ASSIGNMENT:
The records below are to be retyped in full. Keep every word.

INFORMATION PROVIDED below:

(* Consider the decentralized caching problem with $N$ files and local cache size of $M$ files per user, with $0<M\le N$. For every file size $F$, every $\epsilon>0$, every number $K$ of requesting users and every statistics $\boldsymbol{s}$ of demands in $\{1,\dots,N\}^K$, $$\min_{P_{\mathcal{M}}}R^*_{\epsilon,K}(\boldsymbol{s},P_{\mathcal{M}})\ \ge\ \frac{N-M}{M}\left(1-\left(1-\frac{M}{N}\right)^{N_{\mathrm{e}}(\boldsymbol{s})}\right)-\left(\frac{1}{F}+N_{\mathrm{e}}^2(\boldsymbol{s})\epsilon\right),$$ where the minimum is over all prefetching distributions $P_{\mathcal{M}}$.
   Context: Setting: $N$ files of $F$ bits each, all bits i.i.d. Bernoulli$(1/2)$. A prefetching distribution $P_{\mathcal{M}}$ is a probability distribution on sets of at most $MF$ bit indices; with $K$ requesting users, cache index sets $\mathcal{M}_1,\dots,\mathcal{M}_K$ are drawn i.i.d. from $P_{\mathcal{M}}$ and user $k$ stores the indexed bits uncoded. For a deterministic prefetching $\boldsymbol{\mathcal{M}}$ and demand $\boldsymbol{d}\in\{1,\dots,N\}^K$, a rate $R$ is $\epsilon$-achievable if there are an encoder $X=\psi(W_1,\dots,W_N)\in\{0,1\}^{RF}$ and decoders such that each user $k$ recovers $W_{d_k}$ from $X$ and its cached bits with error probability at most $\epsilon$. Given $P_{\mathcal{M}}$ and $\boldsymbol{d}$, $R$ is $\epsilon$-achievable if for every realization $\boldsymbol{\mathcal{M}}$ there is $\epsilon_{\boldsymbol{\mathcal{M}}}$ with $R$ $\epsilon_{\boldsymbol{\mathcal{M}}}$-achievable given $\boldsymbol{\mathcal{M}},\boldsymbol{d}$ and $\mathbb{E}[\epsilon_{\boldsymbol{\mathcal{M}}}]\le\epsilon$; $R^*_{\epsilon,K}(\boldsymbol{d},P_{\mathcal{M}})$ is the minimum such rate. The statistics $\boldsymbol{s}(\boldsymbol{d})$ of a demand is the length-$N$ array, sorted nonincreasingly, whose $i$-th entry is the number of users requesting the $i$-th most requested file; $\mathcal{D}_{\boldsymbol{s}}$ is the set of demands with statistics $\boldsymbol{s}$; $N_{\mathrm{e}}(\boldsymbol{s})$ is the number of distinct requested files. $R^*_{\epsilon,K}(\boldsymbol{s},P_{\mathcal{M}})=\frac{1}{|\mathcal{D}_{\boldsymbol{s}}|}\sum_{\boldsymbol{d}\in\mathcal{D}_{\boldsymbol{s}}}R^*_{\epsilon,K}(\boldsymbol{d},P_{\mathcal{M}})$. *)

theory Defs
  imports "HOL-Probability.Probability_Mass_Function"
begin

text \<open>Bit indices: pairs (file n, position j) with n in 1..N, j in 1..F.\<close>
definition bit_idx :: "nat \<Rightarrow> nat \<Rightarrow> (nat \<times> nat) set" where
  "bit_idx N F = {1..N} \<times> {1..F}"

text \<open>All realizations of the library (uniformly distributed).\<close>
definition file_lib :: "nat \<Rightarrow> nat \<Rightarrow> (nat \<times> nat \<Rightarrow> bool) set" where
  "file_lib N F = PiE (bit_idx N F) (\<lambda>_. UNIV)"

definition demands :: "nat \<Rightarrow> nat \<Rightarrow> (nat \<Rightarrow> nat) set" where
  "demands N K = PiE {1..K} (\<lambda>_. {1..N})"

definition valid_prefetch :: "nat \<Rightarrow> nat \<Rightarrow> real \<Rightarrow> (nat \<times> nat) set pmf \<Rightarrow> bool" where
  "valid_prefetch N F M P \<longleftrightarrow>
     set_pmf P \<subseteq> {S. S \<subseteq> bit_idx N F \<and> real (card S) \<le> M * real F}"

definition achievable_det ::
  "nat \<Rightarrow> nat \<Rightarrow> nat \<Rightarrow> (nat \<Rightarrow> (nat \<times> nat) set) \<Rightarrow> (nat \<Rightarrow> nat) \<Rightarrow> real \<Rightarrow> real \<Rightarrow> bool" where
  "achievable_det N F K Ms d R e \<longleftrightarrow>
     (\<exists>(\<psi> :: (nat \<times> nat \<Rightarrow> bool) \<Rightarrow> bool list)
        (\<phi> :: nat \<Rightarrow> bool list \<Rightarrow> (nat \<times> nat \<Rightarrow> bool) \<Rightarrow> nat \<Rightarrow> bool).
        (\<forall>W\<in>file_lib N F. length (\<psi> W) = nat \<lfloor>R * real F\<rfloor>) \<and>
        (\<forall>k\<in>{1..K}.
           real (card {W \<in> file_lib N F.
                   \<exists>j\<in>{1..F}. \<phi> k (\<psi> W) (restrict W (Ms k)) j \<noteq> W (d k, j)})
             / 2 ^ (N * F) \<le> e))"

definition cache_tuples :: "nat \<Rightarrow> nat \<Rightarrow> nat \<Rightarrow> (nat \<Rightarrow> (nat \<times> nat) set) set" where
  "cache_tuples N F K = PiE {1..K} (\<lambda>_. Pow (bit_idx N F))"

definition achievable_P ::
  "nat \<Rightarrow> nat \<Rightarrow> nat \<Rightarrow> (nat \<times> nat) set pmf \<Rightarrow> (nat \<Rightarrow> nat) \<Rightarrow> real \<Rightarrow> real \<Rightarrow> bool" where
  "achievable_P N F K P d R eps \<longleftrightarrow>
     (\<exists>e :: (nat \<Rightarrow> (nat \<times> nat) set) \<Rightarrow> real.
        (\<forall>Ms\<in>cache_tuples N F K. achievable_det N F K Ms d R (e Ms)) \<and>
        (\<Sum>Ms\<in>cache_tuples N F K. (\<Prod>k\<in>{1..K}. pmf P (Ms k)) * e Ms) \<le> eps)"

definition Rstar_d ::
  "nat \<Rightarrow> nat \<Rightarrow> nat \<Rightarrow> real \<Rightarrow> (nat \<Rightarrow> nat) \<Rightarrow> (nat \<times> nat) set pmf \<Rightarrow> real" where
  "Rstar_d N F K eps d P = Inf {R. R \<ge> 0 \<and> achievable_P N F K P d R eps}"

definition stats :: "nat \<Rightarrow> nat \<Rightarrow> (nat \<Rightarrow> nat) \<Rightarrow> nat list" where
  "stats N K d = rev (sort (map (\<lambda>i. card {k\<in>{1..K}. d k = i}) [1..<N+1]))"

definition demands_of_stats :: "nat \<Rightarrow> nat \<Rightarrow> nat list \<Rightarrow> (nat \<Rightarrow> nat) set" where
  "demands_of_stats N K s = {d \<in> demands N K. stats N K d = s}"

End of INFORMATION PROVIDED.

EXPECTED ANSWER:
(* Consider the decentralized caching problem with $N$ files and local cache size of $M$ files per user, with $0<M\le N$. For every file size $F$, every $\epsilon>0$, every number $K$ of requesting users and every statistics $\boldsymbol{s}$ of demands in $\{1,\dots,N\}^K$, $$\min_{P_{\mathcal{M}}}R^*_{\epsilon,K}(\boldsymbol{s},P_{\mathcal{M}})\ \ge\ \frac{N-M}{M}\left(1-\left(1-\frac{M}{N}\right)^{N_{\mathrm{e}}(\boldsymbol{s})}\right)-\left(\frac{1}{F}+N_{\mathrm{e}}^2(\boldsymbol{s})\epsilon\right),$$ where the minimum is over all prefetching distributions $P_{\mathcal{M}}$.
   Context: Setting: $N$ files of $F$ bits each, all bits i.i.d. Bernoulli$(1/2)$. A prefetching distribution $P_{\mathcal{M}}$ is a probability distribution on sets of at most $MF$ bit indices; with $K$ requesting users, cache index sets $\mathcal{M}_1,\dots,\mathcal{M}_K$ are drawn i.i.d. from $P_{\mathcal{M}}$ and user $k$ stores the indexed bits uncoded. For a deterministic prefetching $\boldsymbol{\mathcal{M}}$ and demand $\boldsymbol{d}\in\{1,\dots,N\}^K$, a rate $R$ is $\epsilon$-achievable if there are an encoder $X=\psi(W_1,\dots,W_N)\in\{0,1\}^{RF}$ and decoders such that each user $k$ recovers $W_{d_k}$ from $X$ and its cached bits with error probability at most $\epsilon$. Given $P_{\mathcal{M}}$ and $\boldsymbol{d}$, $R$ is $\epsilon$-achievable if for every realization $\boldsymbol{\mathcal{M}}$ there is $\epsilon_{\boldsymbol{\mathcal{M}}}$ with $R$ $\epsilon_{\boldsymbol{\mathcal{M}}}$-achievable given $\boldsymbol{\mathcal{M}},\boldsymbol{d}$ and $\mathbb{E}[\epsilon_{\boldsymbol{\mathcal{M}}}]\le\epsilon$; $R^*_{\epsilon,K}(\boldsymbol{d},P_{\mathcal{M}})$ is the minimum such rate. The statistics $\boldsymbol{s}(\boldsymbol{d})$ of a demand is the length-$N$ array, sorted nonincreasingly, whose $i$-th entry is the number of users requesting the $i$-th most requested file; $\mathcal{D}_{\boldsymbol{s}}$ is the set of demands with statistics $\boldsymbol{s}$; $N_{\mathrm{e}}(\boldsymbol{s})$ is the number of distinct requested files. $R^*_{\epsilon,K}(\boldsymbol{s},P_{\mathcal{M}})=\frac{1}{|\mathcal{D}_{\boldsymbol{s}}|}\sum_{\boldsymbol{d}\in\mathcal{D}_{\boldsymbol{s}}}R^*_{\epsilon,K}(\boldsymbol{d},P_{\mathcal{M}})$. *)

theory Defs
  imports "HOL-Probability.Probability_Mass_Function"
begin

text \<open>Bit indices: pairs (file n, position j) with n in 1..N, j in 1..F.\<close>
definition bit_idx :: "nat \<Rightarrow> nat \<Rightarrow> (nat \<times> nat) set" where
  "bit_idx N F = {1..N} \<times> {1..F}"

text \<open>All realizations of the library (uniformly distributed).\<close>
definition file_lib :: "nat \<Rightarrow> nat \<Rightarrow> (nat \<times> nat \<Rightarrow> bool) set" where
  "file_lib N F = PiE (bit_idx N F) (\<lambda>_. UNIV)"

definition demands :: "nat \<Rightarrow> nat \<Rightarrow> (nat \<Rightarrow> nat) set" where
  "demands N K = PiE {1..K} (\<lambda>_. {1..N})"

definition valid_prefetch :: "nat \<Rightarrow> nat \<Rightarrow> real \<Rightarrow> (nat \<times> nat) set pmf \<Rightarrow> bool" where
  "valid_prefetch N F M P \<longleftrightarrow>
     set_pmf P \<subseteq> {S. S \<subseteq> bit_idx N F \<and> real (card S) \<le> M * real F}"

definition achievable_det ::
  "nat \<Rightarrow> nat \<Rightarrow> nat \<Rightarrow> (nat \<Rightarrow> (nat \<times> nat) set) \<Rightarrow> (nat \<Rightarrow> nat) \<Rightarrow> real \<Rightarrow> real \<Rightarrow> bool" where
  "achievable_det N F K Ms d R e \<longleftrightarrow>
     (\<exists>(\<psi> :: (nat \<times> nat \<Rightarrow> bool) \<Rightarrow> bool list)
        (\<phi> :: nat \<Rightarrow> bool list \<Rightarrow> (nat \<times> nat \<Rightarrow> bool) \<Rightarrow> nat \<Rightarrow> bool).
        (\<forall>W\<in>file_lib N F. length (\<psi> W) = nat \<lfloor>R * real F\<rfloor>) \<and>
        (\<forall>k\<in>{1..K}.
           real (card {W \<in> file_lib N F.
                   \<exists>j\<in>{1..F}. \<phi> k (\<psi> W) (restrict W (Ms k)) j \<noteq> W (d k, j)})
             / 2 ^ (N * F) \<le> e))"

definition cache_tuples :: "nat \<Rightarrow> nat \<Rightarrow> nat \<Rightarrow> (nat \<Rightarrow> (nat \<times> nat) set) set" where
  "cache_tuples N F K = PiE {1..K} (\<lambda>_. Pow (bit_idx N F))"

definition achievable_P ::
  "nat \<Rightarrow> nat \<Rightarrow> nat \<Rightarrow> (nat \<times> nat) set pmf \<Rightarrow> (nat \<Rightarrow> nat) \<Rightarrow> real \<Rightarrow> real \<Rightarrow> bool" where
  "achievable_P N F K P d R eps \<longleftrightarrow>
     (\<exists>e :: (nat \<Rightarrow> (nat \<times> nat) set) \<Rightarrow> real.
        (\<forall>Ms\<in>cache_tuples N F K. achievable_det N F K Ms d R (e Ms)) \<and>
        (\<Sum>Ms\<in>cache_tuples N F K. (\<Prod>k\<in>{1..K}. pmf P (Ms k)) * e Ms) \<le> eps)"

definition Rstar_d ::
  "nat \<Rightarrow> nat \<Rightarrow> nat \<Rightarrow> real \<Rightarrow> (nat \<Rightarrow> nat) \<Rightarrow> (nat \<times> nat) set pmf \<Rightarrow> real" where
  "Rstar_d N F K eps d P = Inf {R. R \<ge> 0 \<and> achievable_P N F K P d R eps}"

definition stats :: "nat \<Rightarrow> nat \<Rightarrow> (nat \<Rightarrow> nat) \<Rightarrow> nat list" where
  "stats N K d = rev (sort (map (\<lambda>i. card {k\<in>{1..K}. d k = i}) [1..<N+1]))"

definition demands_of_stats :: "nat \<Rightarrow> nat \<Rightarrow> nat list \<Rightarrow> (nat \<Rightarrow> nat) set" where
  "demands_of_stats N K s = {d \<in> demands N K. stats N K d = s}"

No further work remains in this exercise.